Contributions to risk management and mean-field type problems

Abstract

This thesis consists of four important topics about risk management and mean-field type problems.

For the first topic, we investigate the validity of diversification effect under extreme-value copulas, when the marginal risks of the portfolio are identically distributed, which can be any one having a finite endpoint or belonging to one of the three Maximum Domains of Attraction (MDA). We show that Value-at-Risk (V@R) under extreme-value copulas is asymptotically subadditive for marginal risks with finite mean, while asymptotically superadditive for risks with infinite mean.

For the second topic, we study the asymptotic sub/super-additivity of V@R under Archimedean copulas with regularly varying generator, where the marginal risks of the portfolio can be any one having a finite endpoint or belonging to one of the three MDAs. We show that V@R under Archimedean copulas is asymptotically subadditive for marginal risks with finite mean, while asymptotically superadditive if there is at least one risk with infinite mean. Our obtained results are universal and do not require the tail equivalence assumption as demanded in the existing literature.

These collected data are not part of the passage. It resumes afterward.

lemma stays_negative_if_deriv_neg_at_zeros:
  fixes d :: "real \<Rightarrow> real"
  assumes cont: "continuous_on {T..} d" and start: "d T < 0"
    and deriv: "\<And>t. t > T \<Longrightarrow> d t = 0 \<Longrightarrow> \<exists>D. (d has_real_derivative D) (at t) \<and> D < 0"
    and "t \<ge> T"
  shows "d t < 0"
proof (rule ccontr)
  assume "\<not> d t < 0"
  define S where "S = {s \<in> {T..t}. d s \<ge> 0}"
  have "continuous_on {T..t} d" using cont by (rule continuous_on_subset) auto
  then have "closed S"
    unfolding S_def using continuous_closed_preimage[of "{T..t}" d "{0..}"]
    by (simp add: vimage_def Int_def)
  moreover have "bounded S" by (rule bounded_subset[of "{T..t}"]) (auto simp: S_def)
  ultimately have "compact S" by (simp add: compact_eq_bounded_closed)
  moreover have "S \<noteq> {}" using \<open>\<not> d t < 0\<close> \<open>t \<ge> T\<close> by (auto simp: S_def)
  ultimately obtain t1 where "t1 \<in> S" and first: "\<And>s. s \<in> S \<Longrightarrow> t1 \<le> s"
    by (meson compact_attains_inf)
  from \<open>t1 \<in> S\<close> have "T \<le> t1" "t1 \<le> t" and "d t1 \<ge> 0" by (auto simp: S_def)
  moreover have "t1 \<noteq> T" using start \<open>d t1 \<ge> 0\<close> by auto
  ultimately have "T < t1" by simp
  have before: "d s < 0" if "T \<le> s" "s < t1" for s
    using first[of s] that \<open>t1 \<le> t\<close> by (fastforce simp: S_def)
  have "d t1 = 0"
  proof (rule ccontr)
    assume "d t1 \<noteq> 0"
    have "continuous_on {T..t1} d" using cont by (rule continuous_on_subset) auto
    then obtain s where "T \<le> s" "s \<le> t1" "d s = 0"
      using IVT'[of d T 0 t1] \<open>T < t1\<close> \<open>d t1 \<ge> 0\<close> start by auto
    then show False using before \<open>d t1 \<noteq> 0\<close> by (cases "s = t1") force+
  qed
  then obtain D where "(d has_real_derivative D) (at t1)" "D < 0" using deriv \<open>T < t1\<close> by blast
  then obtain e where "e > 0" and decr: "\<And>h. h > 0 \<Longrightarrow> h < e \<Longrightarrow> d t1 < d (t1 - h)"
    using DERIV_neg_dec_left by blast
  define h where "h = min (e / 2) ((t1 - T) / 2)"
  have "0 < h" "h < e" using \<open>e > 0\<close> \<open>T < t1\<close> by (auto simp: h_def)
  moreover have "h \<le> (t1 - T) / 2" unfolding h_def by (rule min.cobounded2)
  then have "T \<le> t1 - h" using \<open>T < t1\<close> by (simp add: field_simps)
  ultimately show False using decr[of h] before[of "t1 - h"] \<open>d t1 = 0\<close> by auto
qed

lemma norm_stays_below_barrier:
  fixes u :: "real \<Rightarrow> 'a::real_inner" and \<Phi> :: "real \<Rightarrow> real"
  assumes du: "\<And>s. s \<ge> T \<Longrightarrow> (u has_vector_derivative u' s) (at s)"
    and d\<Phi>: "\<And>s. s \<ge> T \<Longrightarrow> (\<Phi> has_real_derivative \<Phi>' s) (at s)"
    and pos: "\<And>s. s \<ge> T \<Longrightarrow> \<Phi> s > 0"
    and start: "norm (u T) < \<Phi> T"
    and crossing: "\<And>s. s > T \<Longrightarrow> norm (u s) = \<Phi> s \<Longrightarrow> inner (u s) (u' s) < \<Phi> s * \<Phi>' s"
    and "t \<ge> T"
  shows "norm (u t) < \<Phi> t"
proof -
  define d where "d s = inner (u s) (u s) - (\<Phi> s)\<^sup>2" for s
  have d_eq: "d s = (norm (u s))\<^sup>2 - (\<Phi> s)\<^sup>2" for s
    by (simp add: d_def power2_norm_eq_inner)
  have deriv: "(d has_real_derivative 2 * inner (u s) (u' s) - 2 * \<Phi> s * \<Phi>' s) (at s)"
    if "s \<ge> T" for s
    using du[OF that] d\<Phi>[OF that]
    unfolding d_def has_vector_derivative_def has_field_derivative_def
    by (auto intro!: derivative_eq_intros simp: inner_commute algebra_simps power2_eq_square)
  have "continuous_on {T..} d"
    using deriv by (auto intro!: continuous_at_imp_continuous_on DERIV_isCont)
  moreover have "d T < 0"
    using start norm_ge_zero[of "u T"] by (simp add: d_eq power_strict_mono)
  moreover have "\<exists>D. (d has_real_derivative D) (at s) \<and> D < 0" if "s > T" "d s = 0" for s
  proof -
    have "norm (u s) = \<Phi> s"
      using that pos[of s] by (simp add: d_eq power2_eq_iff_nonneg)
    then show ?thesis using deriv[of s] crossing[of s] that(1) by fastforce
  qed
  ultimately have "d t < 0" using \<open>t \<ge> T\<close> by (rule stays_negative_if_deriv_neg_at_zeros)
  then show ?thesis using pos[OF \<open>t \<ge> T\<close>] by (simp add: d_eq power2_less_imp_less)
qed

lemma powr_bigo_powr_mono:
  "a \<le> b \<Longrightarrow> (\<lambda>t::real. (1 + t) powr a) \<in> O[at_top](\<lambda>t. (1 + t) powr b)"
  by (intro bigoI[of _ 1] eventually_mono[OF eventually_ge_at_top[of 0]]) (simp add: powr_mono)

lemma bounded_if_deriv_bigo_powr:
  fixes u :: "real \<Rightarrow> 'a::real_normed_vector"
  assumes du: "\<forall>\<^sub>F t in at_top. (u has_vector_derivative u' t) (at t)"
    and decay: "(\<lambda>t. norm (u' t)) \<in> O[at_top](\<lambda>t. (1 + t) powr (-\<mu>))" and "\<mu> > 1"
  shows "(\<lambda>t. norm (u t)) \<in> O[at_top](\<lambda>_. 1)"
proof -
  obtain F where "F > 0" and bound: "\<forall>\<^sub>F t in at_top. norm (u' t) \<le> F * (1 + t) powr (-\<mu>)"
    using decay by (elim landau_o.bigE) auto
  from du bound eventually_ge_at_top[of 0] have "\<forall>\<^sub>F t in at_top. t \<ge> 0
      \<and> (u has_vector_derivative u' t) (at t) \<and> norm (u' t) \<le> F * (1 + t) powr (-\<mu>)"
    by eventually_elim blast
  then obtain T where T: "\<And>t. t \<ge> T \<Longrightarrow> t \<ge> 0 \<and> (u has_vector_derivative u' t) (at t)
      \<and> norm (u' t) \<le> F * (1 + t) powr (-\<mu>)"
    by (auto simp: eventually_at_top_linorder)
  define \<phi> where "\<phi> s = F / (1 - \<mu>) * (1 + s) powr (1 - \<mu>)" for s
  have d\<phi>: "(\<phi> has_vector_derivative F * (1 + s) powr (-\<mu>)) (at s)" if "s \<ge> T" for s
  proof -
    have "1 + s > 0" using T[OF that] by simp
    then have "(\<phi> has_real_derivative F / (1 - \<mu>) * ((1 - \<mu>) * (1 + s) powr (1 - \<mu> - 1))) (at s)"
      unfolding \<phi>_def by (auto intro!: derivative_eq_intros)
    then show ?thesis
      using \<open>\<mu> > 1\<close> by (simp add: has_real_derivative_iff_has_vector_derivative)
  qed
  have "norm (u t) \<le> norm (u T) + F / (\<mu> - 1)" if "t > T" for t
  proof -
    have "norm (u t - u T) \<le> \<phi> t - \<phi> T"
    proof (rule differentiable_bound_general[OF \<open>T < t\<close>,
          where f' = u' and \<phi>' = "\<lambda>s. F * (1 + s) powr (-\<mu>)"])
      show "continuous_on {T..t} u"
        using T by (intro continuous_on_vector_derivative) (auto intro: has_vector_derivative_at_within)
      show "continuous_on {T..t} \<phi>"
        using d\<phi> by (intro continuous_on_vector_derivative) (auto intro: has_vector_derivative_at_within)
    qed (use T d\<phi> in auto)
    moreover have "\<phi> t \<le> 0"
      unfolding \<phi>_def using \<open>F > 0\<close> \<open>\<mu> > 1\<close>
      by (intro mult_nonpos_nonneg divide_nonneg_neg) auto
    moreover have "(1 + T) powr (1 - \<mu>) \<le> 1"
      using T[of T] \<open>\<mu> > 1\<close> powr_mono[of "1 - \<mu>" 0 "1 + T"] by simp
    then have "F / (\<mu> - 1) * (1 + T) powr (1 - \<mu>) \<le> F / (\<mu> - 1)"
      using \<open>F > 0\<close> \<open>\<mu> > 1\<close> by (intro mult_left_le) auto
    moreover have "F / (1 - \<mu>) = - (F / (\<mu> - 1))"
      by (metis divide_minus_right minus_diff_eq)
    ultimately show ?thesis using norm_triangle_ineq2[of "u t" "u T"] by (simp add: \<phi>_def)
  qed
  then have "\<forall>\<^sub>F t in at_top. norm (norm (u t)) \<le> (norm (u T) + F / (\<mu> - 1)) * norm (1::real)"
    by (auto simp: eventually_at_top_dense)
  then show ?thesis by (rule bigoI)
qed

lemma bounded_if_relaxation:
  fixes u p :: "real \<Rightarrow> 'a::real_inner" and \<sigma> :: "real \<Rightarrow> real"
  assumes du: "\<forall>\<^sub>F t in at_top. (u has_vector_derivative p t - \<sigma> t *\<^sub>R u t) (at t)"
    and \<sigma>_pos: "\<forall>\<^sub>F t in at_top. \<sigma> t > 0"
    and p_bound: "\<forall>\<^sub>F t in at_top. norm (p t) \<le> B * \<sigma> t"
  shows "(\<lambda>t. norm (u t)) \<in> O[at_top](\<lambda>_. 1)"
proof -
  from du \<sigma>_pos p_bound have "\<forall>\<^sub>F t in at_top. (u has_vector_derivative p t - \<sigma> t *\<^sub>R u t) (at t)
      \<and> \<sigma> t > 0 \<and> norm (p t) \<le> B * \<sigma> t"
    by eventually_elim blast
  then obtain T where T: "\<And>t. t \<ge> T \<Longrightarrow> (u has_vector_derivative p t - \<sigma> t *\<^sub>R u t) (at t)
      \<and> \<sigma> t > 0 \<and> norm (p t) \<le> B * \<sigma> t"
    by (auto simp: eventually_at_top_linorder)
  define M where "M = max B (norm (u T)) + 1"
  have "M > B" "M > norm (u T)" by (simp_all add: M_def)
  then have "M > 0" using norm_ge_zero[of "u T"] by linarith
  have "norm (u t) < M" if "t \<ge> T" for t
  proof (rule norm_stays_below_barrier[where \<Phi> = "\<lambda>_. M" and \<Phi>' = "\<lambda>_. 0", OF _ _ _ _ _ that])
    show "(u has_vector_derivative p s - \<sigma> s *\<^sub>R u s) (at s)" if "s \<ge> T" for s
      using T that by blast
    show "M > 0" by fact
    fix s assume s: "s > T" "norm (u s) = M"
    have "inner (u s) (u s) = M\<^sup>2" using s(2) by (simp flip: power2_norm_eq_inner)
    then have "inner (u s) (p s - \<sigma> s *\<^sub>R u s) = inner (u s) (p s) - \<sigma> s * M\<^sup>2"
      by (simp add: inner_diff_right)
    also have "\<dots> \<le> M * (B * \<sigma> s) - \<sigma> s * M\<^sup>2"
      using norm_cauchy_schwarz[of "u s" "p s"] T[of s] s \<open>M > norm (u T)\<close>
      by (smt (verit) mult_left_mono norm_ge_zero)
    also have "\<dots> = \<sigma> s * M * (B - M)" by (simp add: algebra_simps power2_eq_square)
    also have "\<dots> < 0"
      using T[of s] s \<open>M > B\<close> \<open>M > 0\<close> by (intro mult_pos_neg mult_pos_pos) auto
    finally show "inner (u s) (p s - \<sigma> s *\<^sub>R u s) < M * 0" by simp
  qed (use \<open>M > norm (u T)\<close> in simp_all)
  then have "\<forall>\<^sub>F t in at_top. norm (norm (u t)) \<le> M * norm (1::real)"
    by (auto simp: eventually_at_top_linorder intro: less_imp_le)
  then show ?thesis by (rule bigoI)
qed

lemma norm_bigo_linear_if_deriv_bounded:
  fixes y w :: "real \<Rightarrow> 'a::real_normed_vector"
  assumes dy: "\<forall>\<^sub>F t in at_top. (y has_vector_derivative w t) (at t)"
    and w_bound: "(\<lambda>t. norm (w t)) \<in> O[at_top](\<lambda>_. 1)"
  shows "(\<lambda>t. norm (y t)) \<in> O[at_top](\<lambda>t. t)"
proof -
  obtain B where "B > 0" and bound: "\<forall>\<^sub>F t in at_top. norm (w t) \<le> B"
    using w_bound by (elim landau_o.bigE) auto
  from dy bound eventually_ge_at_top[of 1] have "\<forall>\<^sub>F t in at_top. t \<ge> 1
      \<and> (y has_vector_derivative w t) (at t) \<and> norm (w t) \<le> B"
    by eventually_elim blast
  then obtain T where T: "\<And>t. t \<ge> T \<Longrightarrow> t \<ge> 1
      \<and> (y has_vector_derivative w t) (at t) \<and> norm (w t) \<le> B"
    by (auto simp: eventually_at_top_linorder)
  have "norm (y t) \<le> (norm (y T) + B) * t" if "t > T" for t
  proof -
    have "norm (y t - y T) \<le> B * t - B * T"
    proof (rule differentiable_bound_general[OF \<open>T < t\<close>, where f' = w and \<phi>' = "\<lambda>_. B"])
      show "continuous_on {T..t} y"
        using T by (intro continuous_on_vector_derivative) (auto intro: has_vector_derivative_at_within)
      show "((*) B has_vector_derivative B) (at s)" for s
        by (auto intro!: derivative_eq_intros simp flip: has_real_derivative_iff_has_vector_derivative)
    qed (use T in \<open>auto intro: continuous_intros\<close>)
    moreover have "norm (y T) \<le> norm (y T) * t"
      using T[of T] \<open>T < t\<close> by (simp add: mult_le_cancel_left1)
    moreover have "0 \<le> B * T" using T[of T] \<open>B > 0\<close> by simp
    ultimately show ?thesis using norm_triangle_ineq2[of "y t" "y T"] by (simp add: algebra_simps)
  qed
  then have "\<forall>\<^sub>F t in at_top. norm (norm (y t)) \<le> (norm (y T) + B) * norm t"
    using T[of T] by (auto simp: eventually_at_top_dense intro!: exI[of _ T])
  then show ?thesis by (rule bigoI)
qed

For the third topic, we consider an energy system with $n$ consumers who are linked by a Demand Side Management (DSM) contract, i.e. they agreed to diminish, at random times, their aggregated power consumption by a predefined volume during a predefined duration. Their failure to deliver the service is penalized via the difference between the sum of the $n$ power consumptions and the contracted target. We are led to analyze a non-zero sum stochastic game with $n$ players, where the interaction takes place through a cost which involves a delay induced by the duration included in the DSM contract. When $n \to \infty$, we obtain a Mean-Field Game (MFG) with random jump time penalty and interaction on the control. We prove a stochastic maximum principle in this context, which allows to compare the MFG solution to the optimal strategy of a central planner. In a linear quadratic setting we obtain a semi-explicit solution through a system of decoupled forward-backward stochastic differential equations (BSDEs) with jumps, involving a Riccati BSDE with jumps. We show that it provides an approximate Nash equilibrium for the original $n$-player game for $n$ large. Finally, we propose a numerical algorithm to compute the MFG equilibrium and present several numerical experiments.

For the last topic, we study a class of mean-field reflected BSDEs with jumps, where the mean-field interaction in terms of the distribution of $Y$ (the first component of the solution) enters in both the driver and the lower obstacle. Under mild conditions on the coefficients, we prove the existence and uniqueness of such a class of equations. Furthermore, we also address the case of mean-field reflected BSDEs with the driver depending on the law of the whole solution and the obstacle independent of the solution.